lemma non_injective_coverings_common_normal_form:
  assumes hol: "p1 holomorphic_on unit_disc" "p2 holomorphic_on unit_disc"
    and cov: "covering_space unit_disc p1 D1" "covering_space unit_disc p2 D2"
    and "\<not> inj_on p1 unit_disc" "\<not> inj_on p2 unit_disc"
  obtains S \<phi>1 \<phi>2 d1 d2 where "norm S < 1" "S \<noteq> 0" "\<phi>1 \<in> disc_aut" "\<phi>2 \<in> disc_aut"
    "p1 (\<phi>1 0) = p1 (\<phi>1 S)" "p2 (\<phi>2 0) = p2 (\<phi>2 S)"
    "deriv (p1 \<circ> \<phi>1) 0 = deriv (p1 \<circ> \<phi>1) S * d1" "deriv (p1 \<circ> \<phi>1) S \<noteq> 0"
    "deriv (p2 \<circ> \<phi>2) 0 = deriv (p2 \<circ> \<phi>2) S * d2" "deriv (p2 \<circ> \<phi>2) S \<noteq> 0"
    "d2\<^sup>2 \<noteq> (cnj S * S - 1)\<^sup>2"
proof -
  have sc: "simply_connected unit_disc" by (simp add: convex_imp_simply_connected)
  obtain g1 where g1: "g1 holomorphic_on unit_disc" "g1 ` unit_disc \<subseteq> unit_disc"
      "\<And>y. y \<in> unit_disc \<Longrightarrow> p1 (g1 y) = p1 y" "\<And>y. y \<in> unit_disc \<Longrightarrow> g1 y \<noteq> y"
    by (rule holomorphic_covering_nontrivial_deck_transformation[OF hol(1) cov(1) open_ball sc assms(5)])
      blast
  obtain g2 where g2: "g2 holomorphic_on unit_disc" "g2 ` unit_disc \<subseteq> unit_disc"
      "\<And>y. y \<in> unit_disc \<Longrightarrow> p2 (g2 y) = p2 y" "\<And>y. y \<in> unit_disc \<Longrightarrow> g2 y \<noteq> y"
    by (rule holomorphic_covering_nontrivial_deck_transformation[OF hol(2) cov(2) open_ball sc assms(6)])
      blast
  obtain s z1 z2 where s: "pseudo_hyp_dist 0 (g1 0) < s" "pseudo_hyp_dist 0 (g2 0) < s" "s < 1"
    and z: "z1 \<in> unit_disc" "pseudo_hyp_dist z1 (g1 z1) = s" "z2 \<in> unit_disc" "pseudo_hyp_dist z2 (g2 z2) = s"
    using common_displacement_value[OF g1(1,2) _ g2(1,2)] g1(4)[of 0] g2(4)[of 0] by auto
  define S where "S = complex_of_real s"
  have "0 < s" using s(1) order.strict_trans1[OF norm_ge_zero] by (simp add: pseudo_hyp_dist_def)
  then have S: "norm S < 1" "S \<noteq> 0" "(cnj S * S - 1)\<^sup>2 = (1 - S\<^sup>2)\<^sup>2"
    using s(3) by (simp_all add: S_def power2_eq_square algebra_simps)
  obtain \<phi>1 d1 where \<phi>1: "\<phi>1 \<in> disc_aut" "p1 (\<phi>1 0) = p1 (\<phi>1 S)"
      "deriv (p1 \<circ> \<phi>1) 0 = deriv (p1 \<circ> \<phi>1) S * d1" "deriv (p1 \<circ> \<phi>1) S \<noteq> 0"
    using holomorphic_covering_deck_normal_form[OF hol(1) cov(1) g1 z(1,2) s(1,3)] unfolding S_def by metis
  obtain \<phi>2 d2 where \<phi>2: "\<phi>2 \<in> disc_aut" "p2 (\<phi>2 0) = p2 (\<phi>2 S)"
      "deriv (p2 \<circ> \<phi>2) 0 = deriv (p2 \<circ> \<phi>2) S * d2" "deriv (p2 \<circ> \<phi>2) S \<noteq> 0"
      "d2\<^sup>2 \<noteq> (1 - S\<^sup>2)\<^sup>2"
    using holomorphic_covering_deck_normal_form[OF hol(2) cov(2) g2 z(3,4) s(2,3)] unfolding S_def by metis
  show ?thesis
    by (rule that[OF S(1,2) \<phi>1(1) \<phi>2(1) \<phi>1(2) \<phi>2(2) \<phi>1(3,4) \<phi>2(3,4)]) (use \<phi>2(5) S(3) in simp)
qed

theorem mainTheorem6:
  fixes p1 p2 :: "complex \<Rightarrow> complex" and D1 D2 :: "complex set"
  assumes "is_domain D1" and "is_domain D2"
    and "holo_univ_covering p1 D1" and "holo_univ_covering p2 D2"
    and "\<not> inj_on p1 unit_disc" and "\<not> inj_on p2 unit_disc"
  shows "\<exists>\<phi>1\<in>disc_aut. \<exists>\<phi>2\<in>disc_aut. \<exists>q1\<in>unit_disc. \<exists>q2\<in>unit_disc. q1 \<noteq> q2 \<and>
    p1 (\<phi>1 q1) = p1 (\<phi>1 q2) \<and> p2 (\<phi>2 q1) = p2 (\<phi>2 q2) \<and>
    deriv (p1 \<circ> \<phi>1) q1 * deriv (p2 \<circ> \<phi>2) q2
      - deriv (p1 \<circ> \<phi>1) q2 * deriv (p2 \<circ> \<phi>2) q1 \<noteq> 0"
proof -
  have hol: "p1 holomorphic_on unit_disc" "p2 holomorphic_on unit_disc"
    and cov: "covering_space unit_disc p1 D1" "covering_space unit_disc p2 D2"
    using assms(3,4) by (auto simp: holo_univ_covering_def)
  obtain S \<phi>1 \<phi>2 d1 d2 where S: "norm S < 1" "S \<noteq> 0" and \<phi>: "\<phi>1 \<in> disc_aut" "\<phi>2 \<in> disc_aut"
    and p\<phi>: "p1 (\<phi>1 0) = p1 (\<phi>1 S)" "p2 (\<phi>2 0) = p2 (\<phi>2 S)"
    and d: "deriv (p1 \<circ> \<phi>1) 0 = deriv (p1 \<circ> \<phi>1) S * d1" "deriv (p1 \<circ> \<phi>1) S \<noteq> 0"
      "deriv (p2 \<circ> \<phi>2) 0 = deriv (p2 \<circ> \<phi>2) S * d2" "deriv (p2 \<circ> \<phi>2) S \<noteq> 0"
      "d2\<^sup>2 \<noteq> (cnj S * S - 1)\<^sup>2"
    using non_injective_coverings_common_normal_form[OF hol cov assms(5,6)] by metis
  obtain \<phi>2' where "\<phi>2' \<in> disc_aut" "p2 (\<phi>2' 0) = p2 (\<phi>2' S)"
    "deriv (p1 \<circ> \<phi>1) 0 * deriv (p2 \<circ> \<phi>2') S - deriv (p1 \<circ> \<phi>1) S * deriv (p2 \<circ> \<phi>2') 0 \<noteq> 0"
    using determinant_nonzero_up_to_swap[OF hol(2) \<phi>(2) S(1) p\<phi>(2) d] by blast
  then show ?thesis
    using \<phi>(1) p\<phi>(1) S
    by (rule_tac bexI[where x = \<phi>1], rule_tac bexI[where x = \<phi>2'], rule_tac bexI[where x = 0],
        rule_tac bexI[where x = S]) auto
qed

end
(* Let $K\ge1$, $N=2^K-1$ and $\mu>0$. The $(N,K)$ binary simplex coded system with node service rate $\mu$ can serve arrival rates $(\lambda_1,\dots,\lambda_K)\in\mathbb{R}_{\ge0}^K$ if and only if $\lambda_1+\dots+\lambda_K\le 2^{K-1}\mu$. That is, its service capacity region is the simplex $\{(\lambda_1,\dots,\lambda_K)\in\mathbb{R}_{\ge0}^K:\sum_i\lambda_i\le 2^{K-1}\mu\}$.
   Context: Binary simplex coded system: $K$ files $f_1,\dots,f_K$ of equal size (elements of a vector space over a field of characteristic $2$) are stored on $N=2^K-1$ nodes indexed by the nonzero vectors $v\in\mathbb{F}_2^K$, node $v$ storing $\sum_{j=1}^K v_jf_j$. Each node has service rate $\mu$. Let $e_i$ be the $i$-th standard basis vector. The recovering sets of file $f_i$ are the systematic node $\{e_i\}$ and the $2^{K-1}-1$ disjoint repair groups $\{v,v+e_i\}$, $v\in\mathbb{F}_2^K\setminus\{0,e_i\}$ (each unordered pair counted once). Requests for $f_i$ arrive at rate $\lambda_i\ge0$. The system can serve $(\lambda_1,\dots,\lambda_K)$ (i.e., the vector lies in the service capacity region) if there exist nonnegative rates assigned to the recovering sets of each $f_i$, summing to $\lambda_i$ for every $i$, such that for every node the total rate assigned to recovering sets containing that node is at most $\mu$. *)

theory Defs
  imports Complex_Main
begin

text \<open>A vector v in F_2^K (coordinates indexed by 0..K-1) is identified with its
support, a subset of {..<K}; vector addition is symmetric difference and the
standard basis vector e_i is {i}.\<close>

definition vadd :: "nat set \<Rightarrow> nat set \<Rightarrow> nat set" where
  "vadd u v = (u - v) \<union> (v - u)"

definition basis_vec :: "nat \<Rightarrow> nat set" where
  "basis_vec i = {i}"

text \<open>Nodes of the (2^K-1, K) binary simplex code: the nonzero vectors of F_2^K.\<close>
definition simplex_nodes :: "nat \<Rightarrow> nat set set" where
  "simplex_nodes K = {v. v \<subseteq> {..<K} \<and> v \<noteq> {}}"

text \<open>Recovering sets of file i: the systematic node {e_i} and the repair groups
{v, v + e_i} for v nonzero, v \<noteq> e_i (unordered pairs, each counted once
since they are sets).\<close>
definition recovering_sets :: "nat \<Rightarrow> nat \<Rightarrow> nat set set set" where
  "recovering_sets K i =
     {{basis_vec i}} \<union>
     {{v, vadd v (basis_vec i)} | v. v \<in> simplex_nodes K \<and> v \<noteq> basis_vec i}"

definition can_serve :: "nat \<Rightarrow> real \<Rightarrow> (nat \<Rightarrow> real) \<Rightarrow> bool" where
  "can_serve K mu lam \<longleftrightarrow>
     (\<exists>r :: nat \<Rightarrow> nat set set \<Rightarrow> real.
        (\<forall>i<K. \<forall>R\<in>recovering_sets K i. r i R \<ge> 0) \<and>
        (\<forall>i<K. (\<Sum>R\<in>recovering_sets K i. r i R) = lam i) \<and>
        (\<forall>v\<in>simplex_nodes K.
           (\<Sum>i<K. \<Sum>R\<in>{R\<in>recovering_sets K i. v \<in> R}. r i R) \<le> mu))"

end

theory Submission
  imports Defs
begin

text \<open>Writing w for the part of a node outside coordinate i, the recovering sets of file i
are indexed by the 2^(K-1) subsets w of the other coordinates, and every node lies in
exactly one of them. Hence spreading each rate lam i uniformly over its recovering sets
loads every node with (\<Sum>i. lam i) / 2^(K-1), which gives sufficiency. Conversely,
every recovering set contains a node of odd weight ({e_i}, or one of w and w + e_i),
so summing the loads of the 2^(K-1) odd-weight nodes counts every request at least
once, which gives necessity.\<close>

definition repair_group :: "nat \<Rightarrow> nat set \<Rightarrow> nat set set" where
  "repair_group i w = (if w = {} then {{i}} else {w, insert i w})"

lemma mem_repair_group_iff:
  assumes "i \<notin> w" and "v \<noteq> {}"
  shows "v \<in> repair_group i w \<longleftrightarrow> w = v - {i}"
  using assms by (auto simp: repair_group_def)

lemma insert_mem_repair_group: "insert i w \<in> repair_group i w"
  by (simp add: repair_group_def)

lemma inj_on_repair_group: "inj_on (repair_group i) {w. i \<notin> w}"
proof (rule inj_onI)
  fix v w assume "v \<in> {w. i \<notin> w}" and "w \<in> {w. i \<notin> w}"
    and eq: "repair_group i v = repair_group i w"
  then have "v = insert i v - {i}" and "w = insert i v - {i}"
    using insert_mem_repair_group[of i v] mem_repair_group_iff[of i _ "insert i v"] by auto
  then show "v = w" by simp
qed

lemma recovering_sets_eq_image:
  assumes "i < K"
  shows "recovering_sets K i = repair_group i ` Pow ({..<K} - {i})"
proof (intro equalityI subsetI)
  fix R assume "R \<in> recovering_sets K i"
  then consider "R = {{i}}"
    | v where "R = {v, vadd v {i}}" "v \<subseteq> {..<K}" "v \<noteq> {}" "v \<noteq> {i}"
    unfolding recovering_sets_def basis_vec_def simplex_nodes_def by blast
  then show "R \<in> repair_group i ` Pow ({..<K} - {i})"
  proof cases
    case 1
    then show ?thesis
      by (intro image_eqI[of _ _ "{}"]) (auto simp: repair_group_def)
  next
    case 2
    then have "R = repair_group i (v - {i})" and "v - {i} \<noteq> {}"
      by (auto simp: repair_group_def vadd_def)
    then show ?thesis using 2 by blast
  qed
next
  fix R assume "R \<in> repair_group i ` Pow ({..<K} - {i})"
  then obtain w where w: "w \<subseteq> {..<K} - {i}" "R = repair_group i w" by auto
  show "R \<in> recovering_sets K i"
  proof (cases "w = {}")
    case True
    then show ?thesis
      using w by (simp add: repair_group_def recovering_sets_def basis_vec_def)
  next
    case False
    have "R = {w, vadd w (basis_vec i)}"
      using w False by (auto simp: repair_group_def vadd_def basis_vec_def)
    moreover have "w \<in> simplex_nodes K" "w \<noteq> basis_vec i"
      using w False by (auto simp: simplex_nodes_def basis_vec_def)
    ultimately show ?thesis
      unfolding recovering_sets_def by blast
  qed
qed

lemma finite_recovering_sets: "i < K \<Longrightarrow> finite (recovering_sets K i)"
  by (simp add: recovering_sets_eq_image)

lemma card_recovering_sets:
  assumes "i < K"
  shows "card (recovering_sets K i) = 2 ^ (K - 1)"
proof -
  have "inj_on (repair_group i) (Pow ({..<K} - {i}))"
    by (rule inj_on_subset[OF inj_on_repair_group]) blast
  then have "card (recovering_sets K i) = card (Pow ({..<K} - {i}))"
    unfolding recovering_sets_eq_image[OF assms] by (rule card_image)
  also have "\<dots> = 2 ^ (K - 1)"
    using assms by (simp add: card_Pow)
  finally show ?thesis .
qed

lemma recovering_sets_containing_node:
  assumes "i < K" and "v \<in> simplex_nodes K"
  shows "{R \<in> recovering_sets K i. v \<in> R} = {repair_group i (v - {i})}"
proof -
  have "v \<subseteq> {..<K}" and "v \<noteq> {}"
    using assms(2) by (simp_all add: simplex_nodes_def)
  then have "v - {i} \<in> Pow ({..<K} - {i})" by blast
  have "R = repair_group i (v - {i})"
    if rec: "R \<in> recovering_sets K i" and "v \<in> R" for R
  proof -
    obtain w where w: "w \<in> Pow ({..<K} - {i})" and R: "R = repair_group i w"
      using rec unfolding recovering_sets_eq_image[OF assms(1)] by (rule imageE)
    have "i \<notin> w" using w by blast
    then have "w = v - {i}"
      using mem_repair_group_iff \<open>v \<noteq> {}\<close> \<open>v \<in> R\<close> R by simp
    then show ?thesis using R by simp
  qed
  moreover have "repair_group i (v - {i}) \<in> recovering_sets K i"
    unfolding recovering_sets_eq_image[OF assms(1)] using \<open>v - {i} \<in> Pow ({..<K} - {i})\<close>
    by (rule imageI)
  moreover have "v \<in> repair_group i (v - {i})"
    using mem_repair_group_iff[of i "v - {i}" v] \<open>v \<noteq> {}\<close> by simp
  ultimately show ?thesis by blast
qed

lemma odd_node_in_repair_group:
  assumes "finite w" and "i \<notin> w"
  shows "\<exists>v\<in>repair_group i w. v \<subseteq> insert i w \<and> odd (card v)"
proof (cases "w = {}")
  case True
  then show ?thesis by (simp add: repair_group_def)
next
  case False
  have "odd (card w) \<or> odd (card (insert i w))"
    using assms by simp
  then show ?thesis
    using False by (auto simp: repair_group_def)
qed

lemma odd_node_in_recovering_set:
  assumes "i < K" and "R \<in> recovering_sets K i"
  shows "R \<inter> {v. v \<subseteq> {..<K} \<and> odd (card v)} \<noteq> {}"
proof -
  obtain w where w: "w \<in> Pow ({..<K} - {i})" and R: "R = repair_group i w"
    using assms(2) unfolding recovering_sets_eq_image[OF assms(1)] by (rule imageE)
  then have "w \<subseteq> {..<K}" and "i \<notin> w" by auto
  have "finite w"
    using \<open>w \<subseteq> {..<K}\<close> finite_lessThan by (rule finite_subset)
  then obtain v where "v \<in> R" "v \<subseteq> insert i w" "odd (card v)"
    using odd_node_in_repair_group[of w i] \<open>i \<notin> w\<close> R by blast
  moreover have "insert i w \<subseteq> {..<K}"
    using \<open>w \<subseteq> {..<K}\<close> assms(1) by simp
  ultimately show ?thesis by blast
qed

lemma card_odd_subsets:
  assumes "finite S" and "S \<noteq> {}"
  shows "card {T. T \<subseteq> S \<and> odd (card T)} = 2 ^ (card S - 1)"
proof -
  let ?odd = "{T. T \<subseteq> S \<and> odd (card T)}" and ?even = "{T. T \<subseteq> S \<and> even (card T)}"
  have "card ?even = card ?odd"
    using card_subsupersets_even_odd[of S "{}"] assms by auto
  moreover have "card ?odd + card ?even = card (Pow S)"
    using assms(1) by (subst card_Un_disjoint[symmetric]) (auto intro: arg_cong[where f = card])
  moreover have "card S = Suc (card S - 1)"
    using assms by (simp add: card_gt_0_iff)
  then have "card (Pow S) = 2 * 2 ^ (card S - 1)"
    using assms(1) by (metis card_Pow power_Suc)
  ultimately show ?thesis by simp
qed

lemma sum_le_sum_over_hitting_set:
  fixes r :: "'a set \<Rightarrow> 'b::{semiring_1, ordered_comm_monoid_add}"
  assumes "finite F" and "finite H"
    and nonneg: "\<And>R. R \<in> F \<Longrightarrow> 0 \<le> r R"
    and hits: "\<And>R. R \<in> F \<Longrightarrow> R \<inter> H \<noteq> {}"
  shows "sum r F \<le> (\<Sum>v\<in>H. \<Sum>R\<in>{R\<in>F. v \<in> R}. r R)"
proof -
  have "r R \<le> (\<Sum>v\<in>H. if v \<in> R then r R else 0)" if R: "R \<in> F" for R
  proof -
    obtain v where "v \<in> R" "v \<in> H" using hits[OF R] by blast
    then show ?thesis
      using member_le_sum[of v H "\<lambda>v. if v \<in> R then r R else 0"] nonneg[OF R] \<open>finite H\<close>
      by simp
  qed
  then have "sum r F \<le> (\<Sum>R\<in>F. \<Sum>v\<in>H. if v \<in> R then r R else 0)"
    by (rule sum_mono)
  also have "\<dots> = (\<Sum>v\<in>H. \<Sum>R\<in>F. if v \<in> R then r R else 0)"
    by (rule sum.swap)
  also have "\<dots> = (\<Sum>v\<in>H. \<Sum>R\<in>{R\<in>F. v \<in> R}. r R)"
    using \<open>finite F\<close> by (simp add: sum.inter_filter)
  finally show ?thesis .
qed

lemma can_serve_imp_sum_le:
  assumes "K \<ge> 1" and "can_serve K mu lam"
  shows "(\<Sum>i<K. lam i) \<le> 2 ^ (K - 1) * mu"
proof -
  define H where "H = {v. v \<subseteq> {..<K} \<and> odd (card v)}"
  obtain r where nonneg: "\<forall>i<K. \<forall>R\<in>recovering_sets K i. r i R \<ge> 0"
    and total: "\<forall>i<K. (\<Sum>R\<in>recovering_sets K i. r i R) = lam i"
    and load: "\<forall>v\<in>simplex_nodes K. (\<Sum>i<K. \<Sum>R\<in>{R\<in>recovering_sets K i. v \<in> R}. r i R) \<le> mu"
    using assms(2) unfolding can_serve_def by blast
  have "finite H" by (simp add: H_def)
  have "H \<subseteq> simplex_nodes K" by (auto simp: H_def simplex_nodes_def)
  have "(\<Sum>i<K. lam i) = (\<Sum>i<K. \<Sum>R\<in>recovering_sets K i. r i R)"
    using total by simp
  also have "\<dots> \<le> (\<Sum>i<K. \<Sum>v\<in>H. \<Sum>R\<in>{R\<in>recovering_sets K i. v \<in> R}. r i R)"
    using nonneg odd_node_in_recovering_set \<open>finite H\<close>
    by (intro sum_mono sum_le_sum_over_hitting_set) (auto simp: finite_recovering_sets H_def)
  also have "\<dots> = (\<Sum>v\<in>H. \<Sum>i<K. \<Sum>R\<in>{R\<in>recovering_sets K i. v \<in> R}. r i R)"
    by (rule sum.swap)
  also have "\<dots> \<le> (\<Sum>v\<in>H. mu)"
    using load \<open>H \<subseteq> simplex_nodes K\<close> by (intro sum_mono) blast
  also have "\<dots> = 2 ^ (K - 1) * mu"
  proof -
    have "{..<K} \<noteq> {}" using assms(1) by (simp add: lessThan_empty_iff)
    then have "card H = 2 ^ (K - 1)"
      unfolding H_def using card_odd_subsets[of "{..<K}"] by simp
    then show ?thesis by simp
  qed
  finally show ?thesis .
qed

lemma sum_le_imp_can_serve:
  assumes "\<forall>i<K. lam i \<ge> 0" and "(\<Sum>i<K. lam i) \<le> 2 ^ (K - 1) * mu"
  shows "can_serve K mu lam"
  unfolding can_serve_def
proof (intro exI[of _ "\<lambda>i R. lam i / 2 ^ (K - 1)"] conjI allI impI ballI)
  fix i R assume "i < K"
  then show "0 \<le> lam i / 2 ^ (K - 1)" using assms(1) by simp
next
  fix i assume "i < K"
  then show "(\<Sum>R\<in>recovering_sets K i. lam i / 2 ^ (K - 1)) = lam i"
    by (simp add: card_recovering_sets)
next
  fix v assume "v \<in> simplex_nodes K"
  then have "(\<Sum>i<K. \<Sum>R\<in>{R\<in>recovering_sets K i. v \<in> R}. lam i / 2 ^ (K - 1))
      = (\<Sum>i<K. lam i / 2 ^ (K - 1))"
    by (intro sum.cong refl) (simp add: recovering_sets_containing_node)
  also have "\<dots> = (\<Sum>i<K. lam i) / 2 ^ (K - 1)"
    by (rule sum_divide_distrib[symmetric])
  also have "\<dots> \<le> mu"
    using assms(2) by (simp add: divide_le_eq mult.commute)
  finally show "(\<Sum>i<K. \<Sum>R\<in>{R\<in>recovering_sets K i. v \<in> R}. lam i / 2 ^ (K - 1)) \<le> mu" .
qed

theorem theorem3:
  fixes K :: nat and mu :: real and lam :: "nat \<Rightarrow> real"
  assumes "K \<ge> 1" and "mu > 0" and "\<forall>i<K. lam i \<ge> 0"
  shows "can_serve K mu lam \<longleftrightarrow> (\<Sum>i<K. lam i) \<le> 2 ^ (K - 1) * mu"
  using can_serve_imp_sum_le[OF assms(1)] sum_le_imp_can_serve[OF assms(3)] by blast

end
======
Problem requirements — From the listing above, output exactly the run of lines that starts with the line containing "using w by (simp" and ends with the line containing "using mem_repair_group_iff[of i".

Solution for this problem —
      using w by (simp add: repair_group_def recovering_sets_def basis_vec_def)
  next
    case False
    have "R = {w, vadd w (basis_vec i)}"
      using w False by (auto simp: repair_group_def vadd_def basis_vec_def)
    moreover have "w \<in> simplex_nodes K" "w \<noteq> basis_vec i"
      using w False by (auto simp: simplex_nodes_def basis_vec_def)
    ultimately show ?thesis
      unfolding recovering_sets_def by blast
  qed
qed

lemma finite_recovering_sets: "i < K \<Longrightarrow> finite (recovering_sets K i)"
  by (simp add: recovering_sets_eq_image)

lemma card_recovering_sets:
  assumes "i < K"
  shows "card (recovering_sets K i) = 2 ^ (K - 1)"
proof -
  have "inj_on (repair_group i) (Pow ({..<K} - {i}))"
    by (rule inj_on_subset[OF inj_on_repair_group]) blast
  then have "card (recovering_sets K i) = card (Pow ({..<K} - {i}))"
    unfolding recovering_sets_eq_image[OF assms] by (rule card_image)
  also have "\<dots> = 2 ^ (K - 1)"
    using assms by (simp add: card_Pow)
  finally show ?thesis .
qed

lemma recovering_sets_containing_node:
  assumes "i < K" and "v \<in> simplex_nodes K"
  shows "{R \<in> recovering_sets K i. v \<in> R} = {repair_group i (v - {i})}"
proof -
  have "v \<subseteq> {..<K}" and "v \<noteq> {}"
    using assms(2) by (simp_all add: simplex_nodes_def)
  then have "v - {i} \<in> Pow ({..<K} - {i})" by blast
  have "R = repair_group i (v - {i})"
    if rec: "R \<in> recovering_sets K i" and "v \<in> R" for R
  proof -
    obtain w where w: "w \<in> Pow ({..<K} - {i})" and R: "R = repair_group i w"
      using rec unfolding recovering_sets_eq_image[OF assms(1)] by (rule imageE)
    have "i \<notin> w" using w by blast
    then have "w = v - {i}"
      using mem_repair_group_iff \<open>v \<noteq> {}\<close> \<open>v \<in> R\<close> R by simp
    then show ?thesis using R by simp
  qed
  moreover have "repair_group i (v - {i}) \<in> recovering_sets K i"
    unfolding recovering_sets_eq_image[OF assms(1)] using \<open>v - {i} \<in> Pow ({..<K} - {i})\<close>
    by (rule imageI)
  moreover have "v \<in> repair_group i (v - {i})"
    using mem_repair_group_iff[of i "v - {i}" v] \<open>v \<noteq> {}\<close> by simp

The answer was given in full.